Cheryl Westlund, an office support specialist at the College of Law, has seen the UI from afar and, for the past five years, up close.
She prefers up close.
"I really like being able to experience the campus atmosphere," said Westlund, who came to the UI after working for 11 years in UI Extension's northeast regional office, based in Matteson. "When you work here, you feel better connected and more attached to the university."
Westlund, who has three adult children, made the move to the Champaign-Urbana area after her husband took a job with the local United Way. She accepted a job with UI Extension in 2007 and moved to a higher-level position with the College of Law a year later.
"The jobs have been very different," she said. "My job at Extension was more financial and the one I have with the College of Law is more clerical."
She said other law employees have made the transition an easy one.
"There's a lot of support we give and get from all of the faculty assistants in the building," she said. "The faculty assistants are very generous and giving of their time to co-workers. You can send out an email call that you need help and you will immediately get responses and ideas."
She said her office becomes especially busy during finals, as employees are asked to complete a long list of tasks that includes everything from preparing student information packets to handing back graded work. She said she especially likes working with students.
Prior to her work for the university, Westlund worked in downtown Chicago doing clerical work for several corporations. She said the most interesting of her jobs was for W. Clement Stone, the famed philanthropist and self-help guru.

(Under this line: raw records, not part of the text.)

section \<open>Positions in a construction scheme\<close>

lemma chain_below_le_card:
  assumes "chain_below FF A k" "finite A"
  shows "k \<le> card A"
proof -
  obtain c where c: "c k = A" "\<forall>i<k. c i \<subset> c (Suc i)"
    using assms(1) unfolding chain_below_def by blast
  have sub: "c i \<subseteq> A" if "i \<le> k" for i
    using that
  proof (induction "k - i" arbitrary: i)
    case (Suc d)
    then have "c (Suc i) \<subseteq> A"
      by simp
    moreover have "c i \<subset> c (Suc i)"
      using c(2) Suc by simp
    ultimately show ?case
      by blast
  qed (simp add: c(1))
  have "i \<le> card (c i)" if "i \<le> k" for i
    using that
  proof (induction i)
    case (Suc i)
    have "finite (c (Suc i))"
      using sub[OF Suc.prems] assms(2) by (rule finite_subset)
    then have "card (c i) < card (c (Suc i))"
      using c(2) Suc.prems by (intro psubset_card_mono) auto
    then show ?case
      using Suc by simp
  qed simp
  from this[of k] show ?thesis
    using c by simp
qed

locale scheme =
  fixes FF :: "'a::linorder set set" and m n r :: "nat \<Rightarrow> nat"
  assumes construction_scheme: "construction_scheme UNIV FF m n r"
    and type: "is_type m n r"
    and infinite_carrier: "infinite (UNIV :: 'a set)"
begin

lemmas scheme_conditions = construction_scheme[unfolded construction_scheme_def]

lemma finite_member: "F \<in> FF \<Longrightarrow> finite F"
  using scheme_conditions[THEN conjunct1] by blast
text \<open>The dimensions n, m, l, q are encoded by finite index types
  'n, 'm, 'l, 'q; p = n + m is encoded by the sum type 'n + 'm, where the first
  n indices are Inl _ and the last m indices are Inr _.  The index type 'n
  carries a linear order, identifying it with {1..n} (needed for Omega).
  A vector in R^(p^2) is an element of real^(('n+'m) \<times> ('n+'m)); column stacking
  vec identifies the coordinate (i,j) with the matrix entry W_ij.\<close>

definition vecM :: "real^'c^'r \<Rightarrow> real^('r \<times> 'c)" where
  "vecM X = (\<chi> k. X $ fst k $ snd k)"

definition unvecM :: "real^('r \<times> 'c) \<Rightarrow> real^'c^'r" where
  "unvecM w = (\<chi> i j. w $ (i, j))"

definition psd :: "real^'k^'k \<Rightarrow> bool" where
  "psd X \<longleftrightarrow> transpose X = X \<and> (\<forall>x. 0 \<le> x \<bullet> (X *v x))"

definition pd :: "real^'k^'k \<Rightarrow> bool" where
  "pd X \<longleftrightarrow> transpose X = X \<and> (\<forall>x. x \<noteq> 0 \<longrightarrow> 0 < x \<bullet> (X *v x))"

definition Gamma_plus :: "(real^(('k::finite) \<times> 'k)) set" where
  "Gamma_plus = vecM ` {X. psd X}"

definition indic :: "'a set \<Rightarrow> 'a \<Rightarrow> ereal" where
  "indic S x = (if x \<in> S then 0 else \<infinity>)"

definition Fmat :: "real^'n^'n \<Rightarrow> real^'m^'n \<Rightarrow> real^('n+'m)^('n+'m)" where
  "Fmat A B2 = (\<chi> i j. case i of
      Inl a \<Rightarrow> (case j of Inl b \<Rightarrow> A $ a $ b | Inr b \<Rightarrow> B2 $ a $ b)
    | Inr _ \<Rightarrow> 0)"

definition Qmat :: "real^'l^'n \<Rightarrow> real^('n+('m::finite))^('n+'m)" where
  "Qmat B1 = (\<chi> i j. case (i, j) of
      (Inl a, Inl b) \<Rightarrow> (B1 ** transpose B1) $ a $ b
    | _ \<Rightarrow> 0)"

definition Rmat :: "real^'n^'q \<Rightarrow> real^'m^'q \<Rightarrow> real^('n+'m)^('n+'m)" where
  "Rmat C D = (\<chi> i j. case (i, j) of
      (Inl a, Inl b) \<Rightarrow> (transpose C ** C) $ a $ b
    | (Inr a, Inr b) \<Rightarrow> (transpose D ** D) $ a $ b
    | _ \<Rightarrow> 0)"

text \<open>V1 = [0, I_m], V2 = [I_n, 0]\<close>
definition V1 :: "real^(('n::finite)+('m::finite))^'m" where
  "V1 = (\<chi> a j. if j = Inr a then 1 else 0)"

definition V2 :: "real^(('n::finite)+('m::finite))^'n" where
  "V2 = (\<chi> a j. if j = Inl a then 1 else 0)"

definition Psi :: "real^'n^'n \<Rightarrow> real^'m^'n \<Rightarrow> real^'l^'n
    \<Rightarrow> real^('n+'m)^('n+'m) \<Rightarrow> real^'n^'n" where
  "Psi A B2 B1 W = - (V2 ** (Fmat A B2 ** W + W ** transpose (Fmat A B2) + Qmat B1)
                        ** transpose V2)"

definition Omega :: "(real^((('n::{finite,linorder})+('m::finite)) \<times> ('n+'m))) set" where
  "Omega = {vecM W | W. \<forall>i j. i < j \<longrightarrow> W $ Inl i $ Inl j = 0}"

text \<open>(V2 \<otimes> V1) vec W = vec (V1 W V2^T), an element of R^(mn)\<close>
definition KV :: "real^((('n::finite)+('m::finite)) \<times> ('n+'m)) \<Rightarrow> real^('m \<times> 'n)" where
  "KV w = vecM ((V1 :: real^('n+'m)^'m) ** unvecM w ** transpose (V2 :: real^('n+'m)^'n))"

definition r1 :: "nat \<Rightarrow> (nat \<Rightarrow> real^('n::{finite,linorder})^('n::{finite,linorder})) \<Rightarrow> (nat \<Rightarrow> real^'m^('n::{finite,linorder})) \<Rightarrow> real^'l^('n::{finite,linorder})
    \<Rightarrow> real^('n::{finite,linorder})^'q \<Rightarrow> real^'m^'q
    \<Rightarrow> real^((('n::{finite,linorder})+'m) \<times> (('n::{finite,linorder})+'m)) \<Rightarrow> ereal" where
  "r1 M A B2 B1 C D w =
     ereal (vecM (Rmat C D) \<bullet> w) + indic Gamma_plus w
     + (\<Sum>i\<in>{1..M}. indic Gamma_plus (vecM (Psi (A i) (B2 i) B1 (unvecM w))))
     + indic Omega w"

definition fsig :: "real \<Rightarrow> real \<Rightarrow> real" where
  "fsig \<sigma> t = 1 - exp (- t / \<sigma>)"

definition fsig_abs :: "real \<Rightarrow> real^'k \<Rightarrow> real" where
  "fsig_abs \<sigma> x = (\<Sum>k\<in>UNIV. fsig \<sigma> \<bar>x $ k\<bar>)"

definition l0norm :: "real^'k \<Rightarrow> nat" where
  "l0norm x = card {k. x $ k \<noteq> 0}"

definition Hsig where
  "Hsig M A B2 B1 C D \<gamma> \<sigma> w = r1 M A B2 B1 C D w + ereal (\<gamma> * fsig_abs \<sigma> (KV w))"

definition Hzero where
  "Hzero M A B2 B1 C D \<gamma> w = r1 M A B2 B1 C D w + ereal (\<gamma> * real (l0norm (KV w)))"

definition argminE :: "('a \<Rightarrow> ereal) \<Rightarrow> 'a set" where
  "argminE f = {x. f x = (INF y. f y)}"

definition eps_argminE :: "real \<Rightarrow> ('a \<Rightarrow> ereal) \<Rightarrow> 'a set" where
  "eps_argminE \<epsilon> f = {x. f x \<le> (INF y. f y) + ereal \<epsilon>}"

definition outer_limit :: "nat set \<Rightarrow> (nat \<Rightarrow> ('a::topological_space) set) \<Rightarrow> 'a set" where
  "outer_limit N S = {x. \<exists>r s. strict_mono r \<and> (\<forall>k. r k \<in> N) \<and>
      (\<forall>k. s k \<in> S (r k)) \<and> (s \<longlonglongrightarrow> x)}"

end

(* H_sigma is the cost <vec R, W> + gamma f_sigma(|KV W|) on the closed feasible set of r1 and
   +infinity elsewhere.  As sigma decreases to 0, f_sigma(|t|) increases to the indicator of t ~= 0,
   so the H_(sigma_i) form an increasing sequence of lower semicontinuous functions converging
   pointwise to H, and such a sequence epi-converges to its limit.  Since C^T C and D^T D are positive
   definite, R = G^T G with G = diag(C, D) injective, so the cost dominates c * norm W on the psd
   cone and all H_sigma are uniformly level-bounded.  Epi-convergence plus uniform level-boundedness
   give convergence of the infima, existence and boundedness of minimisers, and that cluster points
   of (approximate) minimisers minimise H. *)

theory Submission
  imports Defs
begin

section \<open>Sequential lower semicontinuity\<close>

definition seq_lsc :: "('a::topological_space \<Rightarrow> ereal) \<Rightarrow> bool" where
  "seq_lsc f \<longleftrightarrow> (\<forall>y x. y \<longlonglongrightarrow> x \<longrightarrow> f x \<le> liminf (\<lambda>k. f (y k)))"

lemma seq_lscD: "seq_lsc f \<Longrightarrow> y \<longlonglongrightarrow> x \<Longrightarrow> f x \<le> liminf (\<lambda>k. f (y k))"
  unfolding seq_lsc_def by blast
text \<open>An n1 x n2 x n3 quaternion tensor is a function T :: nat => nat => nat => quat,
meaningful on indices i < n1, j < n2, k < n3 (0-based).  Entries outside the box are
ignored: equality of tensors is equality on the box.\<close>

definition is_simple_tensor :: "nat \<Rightarrow> nat \<Rightarrow> nat \<Rightarrow> (nat \<Rightarrow> nat \<Rightarrow> nat \<Rightarrow> quat) \<Rightarrow> bool" where
  "is_simple_tensor n1 n2 n3 T \<longleftrightarrow>
     (\<exists>i<n1. \<exists>j<n2. \<exists>k<n3. T i j k \<noteq> 0) \<and>
     (\<exists>a b c :: nat \<Rightarrow> quat. \<forall>i<n1. \<forall>j<n2. \<forall>k<n3. T i j k = a i * b j * c k)"

definition sum_of_simple :: "nat \<Rightarrow> nat \<Rightarrow> nat \<Rightarrow> nat \<Rightarrow> (nat \<Rightarrow> nat \<Rightarrow> nat \<Rightarrow> quat) \<Rightarrow> bool" where
  "sum_of_simple n1 n2 n3 r T \<longleftrightarrow>
     (\<exists>S :: nat \<Rightarrow> nat \<Rightarrow> nat \<Rightarrow> nat \<Rightarrow> quat.
        (\<forall>l<r. is_simple_tensor n1 n2 n3 (S l)) \<and>
        (\<forall>i<n1. \<forall>j<n2. \<forall>k<n3. T i j k = (\<Sum>l<r. S l i j k)))"

definition tensor_rank :: "nat \<Rightarrow> nat \<Rightarrow> nat \<Rightarrow> (nat \<Rightarrow> nat \<Rightarrow> nat \<Rightarrow> quat) \<Rightarrow> nat" where
  "tensor_rank n1 n2 n3 T = (LEAST r. sum_of_simple n1 n2 n3 r T)"

end

theory Submission
  imports Defs
begin

text \<open>
  Writing \<open>T = (A; B)\<close>, the rank of \<open>T\<close> is the least \<open>r\<close> for which
  \<open>A = \<Sum>\<^sub>l a\<^sub>l \<beta>\<^sub>l c\<^sub>l\<close> and \<open>B = \<Sum>\<^sub>l a\<^sub>l \<gamma>\<^sub>l c\<^sub>l\<close> hold simultaneously (column \<open>a\<^sub>l\<close>, row \<open>c\<^sub>l\<close>).
  This is invariant under \<open>(A, B) \<mapsto> (PAQ, PBQ)\<close> with \<open>P, Q\<close> invertible, so by pivoting
  \<open>A\<close> becomes \<open>0\<close>, \<open>E\<^sub>1\<^sub>1\<close>, \<open>diag(1,1,0)\<close> or \<open>I\<close>. In the first two cases \<open>B\<close> alone costs at
  most three terms. For \<open>A = I\<close> (resp. \<open>diag(1,1,0)\<close>) one (resp. two) rank-one corrections
  turn \<open>B\<close> into an upper triangular matrix whose diagonal entries are pairwise distinct and
  partly central. The Sylvester equations \<open>d x + u = x e\<close> with \<open>d\<close> central and \<open>d \<noteq> e\<close> are
  solvable, so such a matrix is \<open>S D S\<^sup>-\<^sup>1\<close> with \<open>S\<close> unitriangular, while \<open>I = S S\<^sup>-\<^sup>1\<close>: this
  gives three (resp. two) more terms. Everything works over a division ring of characteristic
  zero, whose integers supply the central scalars; the real quaternions are one.
\<close>

text \<open>Only the entries with both indices below 3 of a matrix matter; \<open>agree3\<close> is equality there.\<close>

type_synonym 'a mat = "nat \<Rightarrow> nat \<Rightarrow> 'a"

She said she misses taking the daily train into the city, but not the other travel-related difficulties associated with living in Chicagoland, such as tollways and high parking fees when she did drive someplace.
"Everywhere you turn you have to pay for something," she said. "I hear people complain about parking here, but it's nothing compared to Chicago."
She said traveling by train also had led to several friendships.
"You take the same train every morning and evening, so you get to know the people riding with you," she said.
Westlund's hobbies include working with stained glass and reading, and she volunteers for an international youth group and other community service organizations.
She recently participated in the Central Illinois Honor Flight program, which pairs volunteer "guardians" with World War II veterans for a flight to the war memorial in Washington, D.C. The volunteers pay for their own expenses; donations support the veterans.
She was paired with an 88-year-old Army Air Corps veteran who was "spry and quick-witted," she said.
"It was a marvelous trip," she said. "I cannot believe how emotional it was. He said he wasn't prepared for how emotional it would be, either. The reception they received was incredible."
She said the veterans shared their memories during the flight and that she was enthralled listening to them recall the days of their youth.
"We heard so many neat stories," she said. "The veterans felt like people really cared about them and respected them. It was a great experience and I'd do it again in a minute."